REQUIRED WORK =
From the records below, copy out exactly the lines from the one containing "using p by (subst" to the one containing "(* In the setting", both included. Add nothing else.

SOURCE DATA =

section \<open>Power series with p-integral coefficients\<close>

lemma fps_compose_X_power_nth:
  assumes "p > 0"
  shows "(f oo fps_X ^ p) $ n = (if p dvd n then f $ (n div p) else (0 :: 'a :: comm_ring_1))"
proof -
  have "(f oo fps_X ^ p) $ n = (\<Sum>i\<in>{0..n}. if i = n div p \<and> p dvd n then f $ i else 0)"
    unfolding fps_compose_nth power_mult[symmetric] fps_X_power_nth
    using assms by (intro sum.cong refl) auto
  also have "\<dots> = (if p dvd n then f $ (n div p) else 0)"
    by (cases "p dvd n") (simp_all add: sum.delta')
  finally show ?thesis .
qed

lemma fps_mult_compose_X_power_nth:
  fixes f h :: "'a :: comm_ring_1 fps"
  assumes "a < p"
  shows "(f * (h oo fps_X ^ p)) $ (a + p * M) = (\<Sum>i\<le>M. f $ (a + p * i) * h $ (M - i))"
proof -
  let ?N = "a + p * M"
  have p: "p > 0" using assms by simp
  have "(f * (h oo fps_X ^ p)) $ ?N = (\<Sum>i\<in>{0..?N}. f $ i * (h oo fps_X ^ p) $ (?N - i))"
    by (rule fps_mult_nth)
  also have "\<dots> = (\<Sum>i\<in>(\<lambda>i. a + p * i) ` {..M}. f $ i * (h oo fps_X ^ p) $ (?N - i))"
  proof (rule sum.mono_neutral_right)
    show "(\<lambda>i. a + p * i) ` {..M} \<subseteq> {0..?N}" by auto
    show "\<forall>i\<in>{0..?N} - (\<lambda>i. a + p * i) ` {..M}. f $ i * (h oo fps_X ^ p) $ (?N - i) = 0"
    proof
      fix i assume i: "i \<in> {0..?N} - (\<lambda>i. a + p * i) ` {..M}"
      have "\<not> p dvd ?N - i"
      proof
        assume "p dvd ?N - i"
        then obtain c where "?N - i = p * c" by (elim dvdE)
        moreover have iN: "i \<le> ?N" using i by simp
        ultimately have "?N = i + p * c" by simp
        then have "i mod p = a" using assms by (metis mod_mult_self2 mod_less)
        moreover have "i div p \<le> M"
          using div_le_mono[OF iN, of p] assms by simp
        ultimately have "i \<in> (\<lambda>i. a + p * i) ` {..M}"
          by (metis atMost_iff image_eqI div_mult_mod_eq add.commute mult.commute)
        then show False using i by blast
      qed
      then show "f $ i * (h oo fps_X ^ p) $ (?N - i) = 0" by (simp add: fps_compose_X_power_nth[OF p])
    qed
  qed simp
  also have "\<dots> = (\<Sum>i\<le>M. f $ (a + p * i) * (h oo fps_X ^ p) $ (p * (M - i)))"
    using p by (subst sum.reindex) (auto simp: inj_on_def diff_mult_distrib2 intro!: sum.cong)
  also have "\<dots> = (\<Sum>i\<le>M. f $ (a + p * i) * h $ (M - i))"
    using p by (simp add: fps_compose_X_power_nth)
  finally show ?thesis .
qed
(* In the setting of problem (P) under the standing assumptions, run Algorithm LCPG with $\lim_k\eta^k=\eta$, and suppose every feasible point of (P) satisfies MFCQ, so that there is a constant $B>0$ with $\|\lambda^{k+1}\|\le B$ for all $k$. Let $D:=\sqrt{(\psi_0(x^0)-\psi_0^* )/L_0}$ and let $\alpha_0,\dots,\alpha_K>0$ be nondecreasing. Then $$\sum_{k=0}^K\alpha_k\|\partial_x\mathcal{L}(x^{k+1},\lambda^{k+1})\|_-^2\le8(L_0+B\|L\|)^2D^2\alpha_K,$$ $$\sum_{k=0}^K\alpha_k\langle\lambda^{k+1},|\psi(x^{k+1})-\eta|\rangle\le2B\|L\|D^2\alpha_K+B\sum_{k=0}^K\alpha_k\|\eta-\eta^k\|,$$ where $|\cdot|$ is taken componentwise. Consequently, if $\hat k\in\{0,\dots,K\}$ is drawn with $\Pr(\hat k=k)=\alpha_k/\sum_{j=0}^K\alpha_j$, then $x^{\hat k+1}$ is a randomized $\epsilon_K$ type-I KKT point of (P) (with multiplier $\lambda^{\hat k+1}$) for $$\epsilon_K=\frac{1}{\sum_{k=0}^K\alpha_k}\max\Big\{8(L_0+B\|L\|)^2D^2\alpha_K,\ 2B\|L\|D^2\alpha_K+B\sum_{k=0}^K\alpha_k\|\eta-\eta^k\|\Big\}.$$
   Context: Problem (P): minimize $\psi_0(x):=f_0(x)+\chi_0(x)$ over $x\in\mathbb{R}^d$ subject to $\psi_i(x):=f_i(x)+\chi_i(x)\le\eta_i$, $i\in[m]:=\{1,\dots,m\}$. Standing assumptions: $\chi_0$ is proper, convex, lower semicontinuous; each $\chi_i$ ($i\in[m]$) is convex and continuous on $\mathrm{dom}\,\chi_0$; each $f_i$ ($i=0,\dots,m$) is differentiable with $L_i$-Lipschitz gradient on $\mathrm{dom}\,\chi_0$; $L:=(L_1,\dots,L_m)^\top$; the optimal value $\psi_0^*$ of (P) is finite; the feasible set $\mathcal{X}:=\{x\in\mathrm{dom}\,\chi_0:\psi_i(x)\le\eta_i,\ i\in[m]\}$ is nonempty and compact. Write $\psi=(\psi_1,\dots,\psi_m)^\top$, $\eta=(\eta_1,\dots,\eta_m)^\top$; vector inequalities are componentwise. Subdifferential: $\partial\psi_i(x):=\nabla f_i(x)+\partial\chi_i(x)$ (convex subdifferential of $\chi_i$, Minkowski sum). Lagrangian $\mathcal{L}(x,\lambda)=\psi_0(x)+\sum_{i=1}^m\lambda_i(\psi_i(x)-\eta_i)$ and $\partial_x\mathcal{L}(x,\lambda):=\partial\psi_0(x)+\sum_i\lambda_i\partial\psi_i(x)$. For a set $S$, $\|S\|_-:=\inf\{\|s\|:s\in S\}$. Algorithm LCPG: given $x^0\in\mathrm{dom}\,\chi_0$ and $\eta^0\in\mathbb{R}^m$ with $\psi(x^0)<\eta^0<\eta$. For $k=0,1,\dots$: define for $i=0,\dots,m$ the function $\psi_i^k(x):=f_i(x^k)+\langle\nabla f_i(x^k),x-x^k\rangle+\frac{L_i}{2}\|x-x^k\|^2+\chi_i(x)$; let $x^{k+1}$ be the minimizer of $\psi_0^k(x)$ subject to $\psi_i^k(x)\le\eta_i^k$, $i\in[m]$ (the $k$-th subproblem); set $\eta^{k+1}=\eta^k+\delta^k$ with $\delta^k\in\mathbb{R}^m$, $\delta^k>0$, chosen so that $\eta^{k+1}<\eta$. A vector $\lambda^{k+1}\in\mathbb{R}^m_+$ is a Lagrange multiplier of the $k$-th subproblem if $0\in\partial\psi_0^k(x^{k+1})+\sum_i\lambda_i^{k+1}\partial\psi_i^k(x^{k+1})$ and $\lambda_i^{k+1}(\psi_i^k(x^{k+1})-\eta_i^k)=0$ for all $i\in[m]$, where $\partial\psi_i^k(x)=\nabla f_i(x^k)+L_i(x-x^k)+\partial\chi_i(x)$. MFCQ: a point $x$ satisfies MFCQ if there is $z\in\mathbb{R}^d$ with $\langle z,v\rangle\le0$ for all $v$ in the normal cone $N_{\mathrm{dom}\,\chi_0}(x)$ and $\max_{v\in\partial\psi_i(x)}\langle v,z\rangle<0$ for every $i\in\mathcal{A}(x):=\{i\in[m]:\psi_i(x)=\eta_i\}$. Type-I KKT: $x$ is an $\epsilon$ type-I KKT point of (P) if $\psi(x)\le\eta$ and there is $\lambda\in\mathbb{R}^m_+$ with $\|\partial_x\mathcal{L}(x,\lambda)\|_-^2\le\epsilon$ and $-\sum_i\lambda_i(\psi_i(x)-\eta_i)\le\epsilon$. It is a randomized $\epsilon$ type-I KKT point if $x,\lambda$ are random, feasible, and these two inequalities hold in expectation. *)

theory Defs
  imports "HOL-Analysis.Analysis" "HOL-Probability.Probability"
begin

RESPONSE TO THIS TASK =
    using p by (subst sum.reindex) (auto simp: inj_on_def diff_mult_distrib2 intro!: sum.cong)
  also have "\<dots> = (\<Sum>i\<le>M. f $ (a + p * i) * h $ (M - i))"
    using p by (simp add: fps_compose_X_power_nth)
  finally show ?thesis .
qed
(* In the setting of problem (P) under the standing assumptions, run Algorithm LCPG with $\lim_k\eta^k=\eta$, and suppose every feasible point of (P) satisfies MFCQ, so that there is a constant $B>0$ with $\|\lambda^{k+1}\|\le B$ for all $k$. Let $D:=\sqrt{(\psi_0(x^0)-\psi_0^* )/L_0}$ and let $\alpha_0,\dots,\alpha_K>0$ be nondecreasing. Then $$\sum_{k=0}^K\alpha_k\|\partial_x\mathcal{L}(x^{k+1},\lambda^{k+1})\|_-^2\le8(L_0+B\|L\|)^2D^2\alpha_K,$$ $$\sum_{k=0}^K\alpha_k\langle\lambda^{k+1},|\psi(x^{k+1})-\eta|\rangle\le2B\|L\|D^2\alpha_K+B\sum_{k=0}^K\alpha_k\|\eta-\eta^k\|,$$ where $|\cdot|$ is taken componentwise. Consequently, if $\hat k\in\{0,\dots,K\}$ is drawn with $\Pr(\hat k=k)=\alpha_k/\sum_{j=0}^K\alpha_j$, then $x^{\hat k+1}$ is a randomized $\epsilon_K$ type-I KKT point of (P) (with multiplier $\lambda^{\hat k+1}$) for $$\epsilon_K=\frac{1}{\sum_{k=0}^K\alpha_k}\max\Big\{8(L_0+B\|L\|)^2D^2\alpha_K,\ 2B\|L\|D^2\alpha_K+B\sum_{k=0}^K\alpha_k\|\eta-\eta^k\|\Big\}.$$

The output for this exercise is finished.